Al finalizar el acto llamaron al gran dibujante Eduardo Ferro, maestro de maestros, autor de Langostino y Bolido, para que le entregara un premio (el ultimo) al gobernador de la provincia  Adolfo Siwald.

Ferro, chicato de tanto dibujar, subio a la tarima y recibio el premio que debia entregar, de parte de un funcionario de relacioines publicas de la gobernación cordobesa. Todos, estabamos ya podridos de esa atmosfera militar que enmarcaba la reunion de confraternidad de dibujantes y guionistas. Flotaba en el aire un tufillo a rebeldia y un deseo de mandarnos alguna joda con los milicos, ante la ridiculo de la situación, en la que, los dictadores hubieran pensado un tributo a su nombre de los prestigiosos profesionales del comic presentes y aun de los invitados internacionales, traidos para que llevaran a sus paises la voz del orden y la paz imperantes en el pais..

Entonces sucedio.

Trillo, Saccomanno, Marcucci, y otros que alli estabamos de publico ante los premios comenzamos a aclamar a Ferro como si el fuera el beneficiario del premio que le habian entregado al solo efecto de que, en nombre de los artistas presentes, distinguiera al gobernador militar, general de brigada  Adolfo Sigwald, que, a pocois pasos del notable dibujante, lo esperaba con ansiedad, cada vez mas tenso..

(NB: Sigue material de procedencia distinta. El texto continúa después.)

(* Consider any run of shadow moat growing on $(G,t)$ with final growth values $(y_S)$, and any tree $T$ in $G$ with leaf set $S'\subseteq V$. Then $$\mathrm{UM}(T)\ \ge\ c(T)-\sum_{S\subseteq V:\ S\odot S'} y_S .$$
   Context: $G=(V,E,c)$ is an undirected graph with edge costs $c\ge0$; $\delta(S)$ is the set of edges with exactly one endpoint in $S$; $c(T)=\sum_{e\in T}c_e$. Shadow moat growing on $(G,t)$, $t:V\to\mathbb{R}_{\ge0}$: continuous process in time maintaining a forest (initially empty), its components, and $y_S\ge0$ (initially $0$); at time $\tau$ a component $C$ is active iff some $w\in C$ has $t_w>\tau$, and each active $C$ increases $y_C$ at rate $1$; an edge $e$ between different components with $\sum_{S:e\in\delta(S)}y_S=c_e$ is added and the components merge; stop when nothing is active. In every run $\sum_{S:e\in\delta(S)}y_S\le c_e$ for all edges. For $S,A\subseteq V$, $S\odot A$ means $S\cap A\neq\emptyset$ and $A\not\subseteq S$. For a forest $F$: $\mathrm{UC}(F)=\sum_{e\in F}\big(c_e-\sum_{S:e\in\delta(S)}y_S\big)$; $\mathrm{MC}(F)=\sum_{S:\,|\delta(S)\cap F|\ge2}|\delta(S)\cap F|\,y_S$; $\mathrm{UM}(F)=\mathrm{UC}(F)+\mathrm{MC}(F)$. *)

theory Defs
  imports Complex_Main
begin

definition graph :: "'a set \<Rightarrow> 'a set set \<Rightarrow> ('a set \<Rightarrow> real) \<Rightarrow> bool" where
  "graph V E c \<longleftrightarrow> finite V \<and> (\<forall>e\<in>E. \<exists>u v. e = {u, v} \<and> u \<noteq> v \<and> u \<in> V \<and> v \<in> V)
     \<and> (\<forall>e\<in>E. c e \<ge> 0)"

definition delta :: "'a set set \<Rightarrow> 'a set \<Rightarrow> 'a set set" where
  "delta E S = {e \<in> E. card (e \<inter> S) = 1}"

definition cost :: "('a set \<Rightarrow> real) \<Rightarrow> 'a set set \<Rightarrow> real" where
  "cost c T = (\<Sum>e\<in>T. c e)"

definition load :: "'a set \<Rightarrow> 'a set set \<Rightarrow> ('a set \<Rightarrow> real) \<Rightarrow> 'a set \<Rightarrow> real" where
  "load V E y e = (\<Sum>S\<in>{S. S \<subseteq> V \<and> e \<in> delta E S}. y S)"

definition adj :: "'a set set \<Rightarrow> ('a \<times> 'a) set" where
  "adj F = {(u, w). {u, w} \<in> F}"

definition comp :: "'a set \<Rightarrow> 'a set set \<Rightarrow> 'a \<Rightarrow> 'a set" where
  "comp V F v = {w \<in> V. (v, w) \<in> (adj F)\<^sup>*}"

definition comps :: "'a set \<Rightarrow> 'a set set \<Rightarrow> 'a set set" where
  "comps V F = comp V F ` V"

definition crossing :: "'a set \<Rightarrow> 'a set set \<Rightarrow> 'a set \<Rightarrow> bool" where
  "crossing V F e \<longleftrightarrow> (\<exists>u v. e = {u, v} \<and> comp V F u \<noteq> comp V F v)"

definition active :: "('a \<Rightarrow> real) \<Rightarrow> real \<Rightarrow> 'a set \<Rightarrow> bool" where
  "active t \<tau> C \<longleftrightarrow> (\<exists>w\<in>C. t w > \<tau>)"

text \<open>Reachable states (F, y, tau) of shadow moat growing on (G, t), described as a
  finite sequence of events: adding a tight edge between different components, or
  growing all active components by some delta > 0 during an interval in which the set of
  active components does not change and no edge between different components is tight
  at its start (tight edges are added immediately).\<close>
inductive moat_state :: "'a set \<Rightarrow> 'a set set \<Rightarrow> ('a set \<Rightarrow> real) \<Rightarrow> ('a \<Rightarrow> real)
    \<Rightarrow> 'a set set \<Rightarrow> ('a set \<Rightarrow> real) \<Rightarrow> real \<Rightarrow> bool"
  for V E c t where
  init: "moat_state V E c t {} (\<lambda>S. 0) 0"
| add: "\<lbrakk> moat_state V E c t F y \<tau>; e \<in> E; crossing V F e; load V E y e = c e \<rbrakk>
        \<Longrightarrow> moat_state V E c t (insert e F) y \<tau>"
| grow: "\<lbrakk> moat_state V E c t F y \<tau>; d > 0;
           \<forall>e\<in>E. crossing V F e \<longrightarrow> load V E y e < c e;
           \<forall>C\<in>comps V F. active t \<tau> C \<longrightarrow> (\<exists>w\<in>C. t w \<ge> \<tau> + d);
           y' = (\<lambda>S. if S \<in> comps V F \<and> active t \<tau> S then y S + d else y S);
           \<forall>e\<in>E. crossing V F e \<longrightarrow> load V E y' e \<le> c e \<rbrakk>
        \<Longrightarrow> moat_state V E c t F y' (\<tau> + d)"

Los vitores de la banda de la historieta fueron subiendo de tono y Ferro, alli arriba, en el escenario, medio haciendose el boludo, medio no entendiendo, medio chicato, comenzo a levantar el trofeo y agradecer con una gran sonrisa y algunos gestos, la algarabía que lo festejaba. Esa escena duro algunos minutos donde los gritos y Vivas surcaban el aire, que, para los funcionarios del gobierno militar, comenzaba a cortarse con un serrucho.

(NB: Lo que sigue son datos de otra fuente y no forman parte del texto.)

(* Let $n=m=1$, so that $A,B\in\mathbb{R}$ and $Q,R>0$ are scalars, and consider the setting described in the context with $q<q_c$ and an estimate $\hat q\in[0,q_c)$. Then the certainty-equivalence gain $\hat K=-(R+B^2\hat P)^{-1}AB\hat P$ mean-square stabilizes the system $x_{t+1}=Ax_t+\lambda_tBu_t$ under $u_t=\hat Kx_t$ if and only if $$Q+(1-q)R\hat K^2+(\hat q-q)(R+B^2\hat P)^{-1}A^2B^2\hat P^2>0 .$$ Moreover, if $\hat q\ge q$, this inequality holds.
   Context: Let $A\in\mathbb{R}^{n\times n}$, $B\in\mathbb{R}^{n\times m}$ with $(A,B)$ stabilizable, and let $Q\in\mathbb{R}^{n\times n}$, $R\in\mathbb{R}^{m\times m}$ be symmetric positive definite. Consider $x_{t+1}=Ax_t+\lambda_tBu_t$, $t=0,1,2,\dots$, where $x_0$ is a random vector with finite mean and covariance and $\{\lambda_t\}$ are i.i.d. Bernoulli random variables, independent of $x_0$, with $\mathcal{P}(\lambda_t=0)=q$, $\mathcal{P}(\lambda_t=1)=1-q$, $q\in(0,1)$. For $p\in[0,1)$ the modified Riccati equation with parameter $p$ is $X=Q+A^\top XA-(1-p)A^\top XB(R+B^\top XB)^{-1}B^\top XA$. The number $q_c$ is the critical loss probability: for every $p\in[0,q_c)$ this equation has a unique positive definite solution (one has $1/\prod_i|\lambda_i^u(A)|^2\le q_c\le 1/\max_i|\lambda_i^u(A)|^2$, where $\lambda_i^u(A)$ are the eigenvalues of $A$ of modulus $\ge1$). For an estimate $\hat q\in[0,q_c)$ of $q$, $\hat P$ denotes the positive definite solution of the modified Riccati equation with parameter $\hat q$, and $\hat K=-(R+B^\top\hat PB)^{-1}B^\top\hat PA$. The gain $\hat K$ mean-square stabilizes the system if the closed loop $x_{t+1}=(A+\lambda_tB\hat K)x_t$ satisfies $\lim_{t\to\infty}\mathbb{E}\{x_t^\top x_t\}=0$. *)

theory Defs
  imports "HOL-Probability.Probability"
begin

definition mare :: "real \<Rightarrow> real \<Rightarrow> real \<Rightarrow> real \<Rightarrow> real \<Rightarrow> real \<Rightarrow> bool" where
  "mare A B Q R p X \<longleftrightarrow>
     X = Q + A * X * A - (1 - p) * A * X * B * inverse (R + B * X * B) * B * X * A"

definition crit_prob :: "real \<Rightarrow> real \<Rightarrow> real \<Rightarrow> real \<Rightarrow> real" where
  "crit_prob A B Q R = Sup {p. 0 \<le> p \<and> p \<le> 1 \<and>
      (\<forall>p'. 0 \<le> p' \<and> p' < p \<longrightarrow> (\<exists>!X. X > 0 \<and> mare A B Q R p' X))}"

definition mare_sol :: "real \<Rightarrow> real \<Rightarrow> real \<Rightarrow> real \<Rightarrow> real \<Rightarrow> real" where
  "mare_sol A B Q R p = (THE X. X > 0 \<and> mare A B Q R p X)"

definition ce_gain :: "real \<Rightarrow> real \<Rightarrow> real \<Rightarrow> real \<Rightarrow> real \<Rightarrow> real" where
  "ce_gain A B Q R p = - inverse (R + B * mare_sol A B Q R p * B) * B * mare_sol A B Q R p * A"

text \<open>Closed-loop state x_t on the canonical sample space
  omega = (x_0, (b_t)_t), with lambda_t = 1 iff b_t, and u_t = K x_t.\<close>
fun cl_state :: "real \<Rightarrow> real \<Rightarrow> real \<Rightarrow> real \<times> (nat \<Rightarrow> bool) \<Rightarrow> nat \<Rightarrow> real" where
  "cl_state A B K \<omega> 0 = fst \<omega>"
| "cl_state A B K \<omega> (Suc t) =
     A * cl_state A B K \<omega> t + of_bool (snd \<omega> t) * B * (K * cl_state A B K \<omega> t)"

definition sample_space :: "real measure \<Rightarrow> real \<Rightarrow> (real \<times> (nat \<Rightarrow> bool)) measure" where
  "sample_space \<mu> q = \<mu> \<Otimes>\<^sub>M (\<Pi>\<^sub>M t\<in>UNIV. measure_pmf (bernoulli_pmf (1 - q)))"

Fue un acto de protesta, de solidaridad, un gesto tan inútil como verdadero, una joda, una manera de resistir, minimamente, tanta hipocresía, tal pretensión, y tanta opresión.

Los tipos se abalanzaron sobre Ferro, y, de buenas maneras lo guiaron hasta el gobernador para que le diera el trofeo elegido por los alcahuetes para justificar tanto gasto y darle una foto de gloria social a un gobernador que ejecutaba como un secreto a voces, una tarea tan ignominiosa.

Los canticos y festejos cesaron y todos nos hicimos los boludos rapidamente. Luego, Ferro fue saludado y felicitado, por cada uno de los presentes, como si, en realidad, hubiera recibido un premio, ante el desconcierto, aun mayor, del gran maestro del comic argentino. Un hombre transparente, bueno, genial y de un humor casi ingenuo.